Tous auront pu le constater, la période de confinement que nous traversons actuellement est bien différente de ce que l’on a pu vivre au cours du printemps dernier. Pourtant une chose ne change pas, c’est la fermeture des commerces qualifiés de « non essentiels », qui devraient voir leur interdiction d’accueillir du public prolongée jusqu’au 1er décembre. Une fermeture vécue comme une injustice pour une grande partie des commerçants, dans un contexte où les établissements scolaires continuent de recevoir leurs élèves, alors que le télétravail est quant à lui bien moins appliqué que lors de la première période de confinement. « Lorsque l’on observe ce qui se passe aujourd’hui, on a parfois un peu l’impression que nous sommes les seuls à devoir nous arrêter de travailler », déplore ainsi Colette, à la tête d’un salon de coiffure à Rouen. A cela s’ajoute un impératif économique qui se fait de plus en pressant, avec plusieurs milliers de TPE et PME qui se retrouvent aujourd’hui en difficulté, voire même en très grande difficulté. « Au moment du premier confinement, j’ai contracté un PGE d’un montant de 49 000 euros en me disant que la situation devrait se décanter après la fin des restrictions. Mais finalement cela n’a pas été le cas, et aujourd’hui avec ce nouveau coup de massue qui nous tombe sur la tête, je préfère prendre les devants et déposer le bilan », témoigne par exemple Sandra, gérante d’une boutique de prêt-à-porter, dans le sud-ouest de la France.

Et si le gouvernement a pris des mesures pour encourager la digitalisation des commerces, pour la plupart des commerçants les ventes ne vont pas se mettre à bondir par une multiplication divine des clics. « Il ne faut pas croire que les commerçants vont s’en sortir avec du click and collect, ou avec des prises de rendez-vous », prévient Francis Palombi, le Président de la confédération des commerçants de France. Les chiffres qui ressortent de notre sondage sont d’ailleurs sans équivoque, près de 9 commerçants sur 10 estiment à présent que la décision de réouverture doit être prise aussi en tenant compte des impératifs économiques.

réouverture des commerces

6 commerçants sur 10 souhaitent une réouverture au plus vite

Dans ce contexte, c’est sans surprise qu’une majorité de commerçants se prononcent pour une réouverture des commerces au plus vite. « C’est une question de vie ou de mort, notamment pour toutes les professions comme les nôtres qui n’ont pas d’autres moyens de vendre leurs prestations », revendique Laetitia, esthéticienne à Cannes.
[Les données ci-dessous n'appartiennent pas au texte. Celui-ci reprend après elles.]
lemma f_strat_eq_0_iff:
  assumes "joint_strategy E \<sigma>" and "solves_H Vmax E w lam x"
  shows "f_strat Vmax w lam \<sigma> x = 0 \<longleftrightarrow> (\<forall>u. x u = w (u, \<sigma> u) + lam (u, \<sigma> u) * x (\<sigma> u))"
proof -
  have offset_0: "offset Vmax w lam x (u, \<sigma> u) = 0 \<longleftrightarrow> x u = w (u, \<sigma> u) + lam (u, \<sigma> u) * x (\<sigma> u)" for u
    by (auto simp: offset_def)
  have "f_strat Vmax w lam \<sigma> x = 0 \<longleftrightarrow> (\<forall>u. offset Vmax w lam x (u, \<sigma> u) = 0)"
    using assms unfolding f_strat_def solves_H_iff_offset_nonneg joint_strategy_def
    by (simp add: sum_nonneg_eq_0_iff)
  then show ?thesis by (simp add: offset_0)
qed

lemma fmin_eqI:
  assumes "solves_H Vmax E w lam \<nu>"
    and "\<And>x. solves_H Vmax E w lam x \<Longrightarrow> f_strat Vmax w lam \<sigma> \<nu> \<le> f_strat Vmax w lam \<sigma> x"
  shows "fmin Vmax E w lam \<sigma> = f_strat Vmax w lam \<sigma> \<nu>"
  unfolding fmin_def using assms by (intro cInf_eq_minimum) auto

lemma optimal_for_solves_H: "optimal_for Vmax E w lam \<sigma> \<nu> \<Longrightarrow> solves_H Vmax E w lam \<nu>"
  by (simp add: optimal_for_def basis_valuation_def)

lemma fmin_optimal: "optimal_for Vmax E w lam \<sigma> \<nu> \<Longrightarrow> fmin Vmax E w lam \<sigma> = f_strat Vmax w lam \<sigma> \<nu>"
  by (intro fmin_eqI optimal_for_solves_H) (auto simp: optimal_for_def)

text \<open>offset and f_strat are affine in the valuation; with zero weights they give the linear parts.\<close>

abbreviation slope :: "('v \<Rightarrow> real) \<Rightarrow> 'v \<times> 'v \<Rightarrow> real" where
  "slope d \<equiv> offset Vmax (\<lambda>_. 0) lam d"

abbreviation f_slope :: "('v \<Rightarrow> 'v) \<Rightarrow> ('v \<Rightarrow> real) \<Rightarrow> real" where
  "f_slope \<sigma> d \<equiv> f_strat Vmax (\<lambda>_. 0) lam \<sigma> d"

lemma offset_shift:
  "offset Vmax w lam (\<lambda>u. x u + t * d u) e = offset Vmax w lam x e + t * slope d e"
  unfolding offset_def by (simp add: algebra_simps)

lemma f_strat_shift:
  "f_strat Vmax w lam \<sigma> (\<lambda>u. x u + t * d u) = f_strat Vmax w lam \<sigma> x + t * f_slope \<sigma> d"
  unfolding f_strat_def offset_shift by (simp add: sum.distrib sum_distrib_left)

lemma slope_uminus: "slope (- d) e = - slope d e"
  unfolding offset_def by simp

lemma f_slope_uminus: "f_slope \<sigma> (- d) = - f_slope \<sigma> d"
  unfolding f_strat_def slope_uminus by (simp add: sum_negf)

text \<open>The polyhedron of solutions of H contains no line.\<close>

lemma ex_slope_nonzero:
  assumes "d \<noteq> (\<lambda>_. 0)"
  shows "\<exists>e\<in>E. slope d e \<noteq> 0"
proof (rule ccontr)
  assume "\<not> ?thesis"
  then have zero: "\<forall>e\<in>E. slope d e = 0" by blast
  obtain \<sigma> where \<sigma>: "joint_strategy E \<sigma>" using ex_joint_strategy by blast
  have flat: "d u = lam (u, \<sigma> u) * d (\<sigma> u)" for u
  proof -
    have "slope d (u, \<sigma> u) = 0"
      using zero \<sigma> by (simp add: joint_strategy_def)
    then show ?thesis by (simp add: offset_def split: if_splits)
  qed
  have "d u \<le> 0" for u
    by (rule discounted_max_principle[OF \<sigma>]) (simp add: flat[symmetric])
  moreover have "(- d) u \<le> 0" for u
    by (rule discounted_max_principle[OF \<sigma>]) (simp add: flat[symmetric])
  ultimately have "d = (\<lambda>_. 0)"
    by (intro ext antisym) (auto simp: neg_le_0_iff_le)
  with assms show False ..
qed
Une position largement partagée, mais qui ne fait pas non plus l’unanimité. « Je pense qu’il est encore trop tôt pour décider de la réouverture des commerces. Je comprends l’urgence pour certains, et moi-même je perds énormément d’argent dans cette histoire, mais là il s’agit d’enjeux qui nous dépassent, et en plus nous sommes confinés. Peut-être vaut-il mieux attendre que le pic de l’épidémie dégonfle et que l’on puisse rouvrir début décembre, histoire de sauver la période de Noël », lance ainsi Stéphane, libraire dans la région parisienne. Un avis partagé par près d’un tiers des commerçants.

date réouverture commerces

Faut-il renforcer les protocoles sanitaires ?

Si la question d’une réouverture au plus vite ne fait pas l’unanimité, tous se montrent en revanche très confiants quant à leur capacité à assurer une « sécurité sanitaire » au sein de leurs établissements. Un peu plus de 4 commerçants sur 10 sont même prêts à renforcer les protocoles sanitaires, afin notamment de réduire le nombre de personnes dans les magasins. Même si la plus grande partie d’entre eux considèrent que les règles déjà édictées sont largement suffisantes. « Personnellement je ne vois pas l’intérêt de renforcer les protocoles sanitaires qui sont déjà très stricts et contraignants pour la majorité des commerçants, si ce n’est juste de rassurer l’opinion publique. Je pense qu’il serait plus opportun de mieux appliquer ceux déjà mis en œuvre, quitte à distribuer des amendes plus sévères à ceux qui font n’importe quoi. Mais il faut quand même nous laisser les moyens de travailler, et surtout de vivre dignement de notre activité ! », s’insurge Marc, fleuriste à Montauban.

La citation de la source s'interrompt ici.